We're back! I'm so tired. I couldn't wait to get in bed with the kitties and cuddle, but I couldn't get any sleep, with all the fur and cuddlyness. Everyone wants to sleep on my face. There's a joke in there some where.
I'm going to go back to sleep after I'm done writing to you. I had to get up and come in here to make a phone call. All I want to do today is sleep.

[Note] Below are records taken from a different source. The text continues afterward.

(* Let $Y$ be an asymptotic-subsequential-$c_0$ Banach space. Then there is no sequence of maps $f_k:([\mathbb N]^k,d^{(k)}_{\mathsf H})\to Y$, $k\in\mathbb N$, forming a sequence of equi-coarse embeddings, such that for every $k$ there is a normalized weakly null array $(y^{(i)}_j:1\le i\le k,\ j\in\mathbb N)$ in $Y$ with $f_k(\bar m)=\sum_{i=1}^ky^{(i)}_{m_i}$ for all $\bar m=\{m_1<m_2<\dots<m_k\}\in[\mathbb N]^k$.
   Context: $d^{(k)}_{\mathsf H}(\bar m,\bar n)=|\{j:m_j\ne n_j\}|$. Maps $f_k$ are equi-coarse embeddings if there are non-decreasing $\rho,\omega:[0,\infty)\to[0,\infty)$, $\rho(t)\to\infty$, with $\rho(d(x,y))\le\|f_k(x)-f_k(y)\|\le\omega(d(x,y))$ for all $k,x,y$. A normalized weakly null array of height $k$: unit vectors $y^{(i)}_j$ with each row $(y^{(i)}_j)_j$ weakly null. Finite basic sequences are $C$-equivalent if $\frac1A\|\sum a_ix_i\|\le\|\sum a_iy_i\|\le B\|\sum a_ix_i\|$ with $AB\le C$. $\{Y\}_N$ is the set of norms $E$ on $\mathbb R^N$ with normalized monotone unit vector basis $(e_j)$ such that for every $\varepsilon>0$, for every closed finite-codimensional $Y_1$ there is $x_1\in S_{Y_1}$, ..., for every closed finite-codimensional $Y_N$ there is $x_N\in S_{Y_N}$ with $(x_j)$ $(1+\varepsilon)$-equivalent to $(e_j)$. An infinite dimensional $Y$ is asymptotic-subsequential-$c_0$ if there is $C\ge1$ such that for every $n$ there is $N$ such that for every $E\in\{Y\}_N$ there are $i_1<\dots<i_n$ with $(e_{i_k})_{k=1}^n$ $C$-equivalent to the unit vector basis of $\ell_\infty^n$. *)

theory Defs
  imports "HOL-Analysis.Analysis"
begin

definition elem_of :: "nat set \<Rightarrow> nat \<Rightarrow> nat" where
  "elem_of A j = sorted_list_of_set A ! j"

definition ksubsets :: "nat \<Rightarrow> nat set set" where
  "ksubsets k = {A. finite A \<and> card A = k}"

definition hamming_dist :: "nat \<Rightarrow> nat set \<Rightarrow> nat set \<Rightarrow> nat" where
  "hamming_dist k A B = card {j. j < k \<and> elem_of A j \<noteq> elem_of B j}"

definition equi_coarse_embeddings :: "(nat \<Rightarrow> nat set \<Rightarrow> 'a::real_normed_vector) \<Rightarrow> bool" where
  "equi_coarse_embeddings f \<longleftrightarrow>
     (\<exists>\<rho> \<omega> :: real \<Rightarrow> real.
        mono_on {0..} \<rho> \<and> mono_on {0..} \<omega> \<and>
        (\<forall>t\<ge>0. \<rho> t \<ge> 0 \<and> \<omega> t \<ge> 0) \<and>
        filterlim \<rho> at_top at_top \<and>
        (\<forall>k\<ge>1. \<forall>A\<in>ksubsets k. \<forall>B\<in>ksubsets k.
            \<rho> (real (hamming_dist k A B)) \<le> norm (f k A - f k B) \<and>
            norm (f k A - f k B) \<le> \<omega> (real (hamming_dist k A B))))"

definition weakly_null :: "(nat \<Rightarrow> 'a::real_normed_vector) \<Rightarrow> bool" where
  "weakly_null x \<longleftrightarrow>
     (\<forall>\<phi> :: 'a \<Rightarrow> real. bounded_linear \<phi> \<longrightarrow> (\<lambda>j. \<phi> (x j)) \<longlonglongrightarrow> 0)"

definition normalized_weakly_null_array :: "nat \<Rightarrow> (nat \<Rightarrow> nat \<Rightarrow> 'a::real_normed_vector) \<Rightarrow> bool" where
  "normalized_weakly_null_array k y \<longleftrightarrow>
     (\<forall>i\<in>{1..k}. (\<forall>j. norm (y i j) = 1) \<and> weakly_null (y i))"

text \<open>Two finite sequences of length n, given through the norms p a = norm of sum a_i x_i
  and q a = norm of sum a_i y_i of their linear combinations with coefficients a,
  are C-equivalent.\<close>
definition C_equiv :: "nat \<Rightarrow> real \<Rightarrow> ((nat \<Rightarrow> real) \<Rightarrow> real) \<Rightarrow> ((nat \<Rightarrow> real) \<Rightarrow> real) \<Rightarrow> bool" where
  "C_equiv n C p q \<longleftrightarrow>
     (\<exists>A B. A > 0 \<and> B > 0 \<and> A * B \<le> C \<and>
        (\<forall>a::nat \<Rightarrow> real. (1 / A) * p (\<lambda>i. if i < n then a i else 0) \<le> q (\<lambda>i. if i < n then a i else 0) \<and>
                q (\<lambda>i. if i < n then a i else 0) \<le> B * p (\<lambda>i. if i < n then a i else 0)))"

definition vec_norm :: "nat \<Rightarrow> (nat \<Rightarrow> 'a::real_normed_vector) \<Rightarrow> (nat \<Rightarrow> real) \<Rightarrow> real" where
  "vec_norm n x a = norm (\<Sum>i<n. a i *\<^sub>R x i)"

Yesterday I was bending down to pet some corgies and one of them reached up his little paw to pet my face or do something friendly with it, but his little hand slipped and scratched my eye. Now I have a bloody blob in my eye. I knew I had hurt it but I just kept talking to the dogs owners and trying to be friendly and polite, but when I came inside and saw it, I was so surprised. I wondered if they had seen it and if so why didn't they say anything. "Oh dear, our Corgies seem to have maimed your eye, terribly sorry about that."
I hate the clutter and furryness of my house, but I can't live without my kittynessness. When I go away and come back it always hits me, how furry it is here. Too furry.
I had fun cuddling with Sunny this morning. He's so big and beautiful. He likes to be near me but on the fringes of things. He'll sleep about two feet away, as opposed to on my face or head or pillow like most of my other cat-people-friends.
Beau had me driving all over the place yesterday looking for e-cards for his beloved Animal Crossing. I love that game, it's so sweet.
I need a bigger house with some cat-free zones.
I'm way behind my November fifty-thousand word goal. Think I can catch up? Okay my journal compatriot darlings, back to bed, wish me luck.
PS: Darn this Warped weirdness, how do I fix this? Does this mean I've lost everything I ever uploaded to them? Or do I just need to do something about it?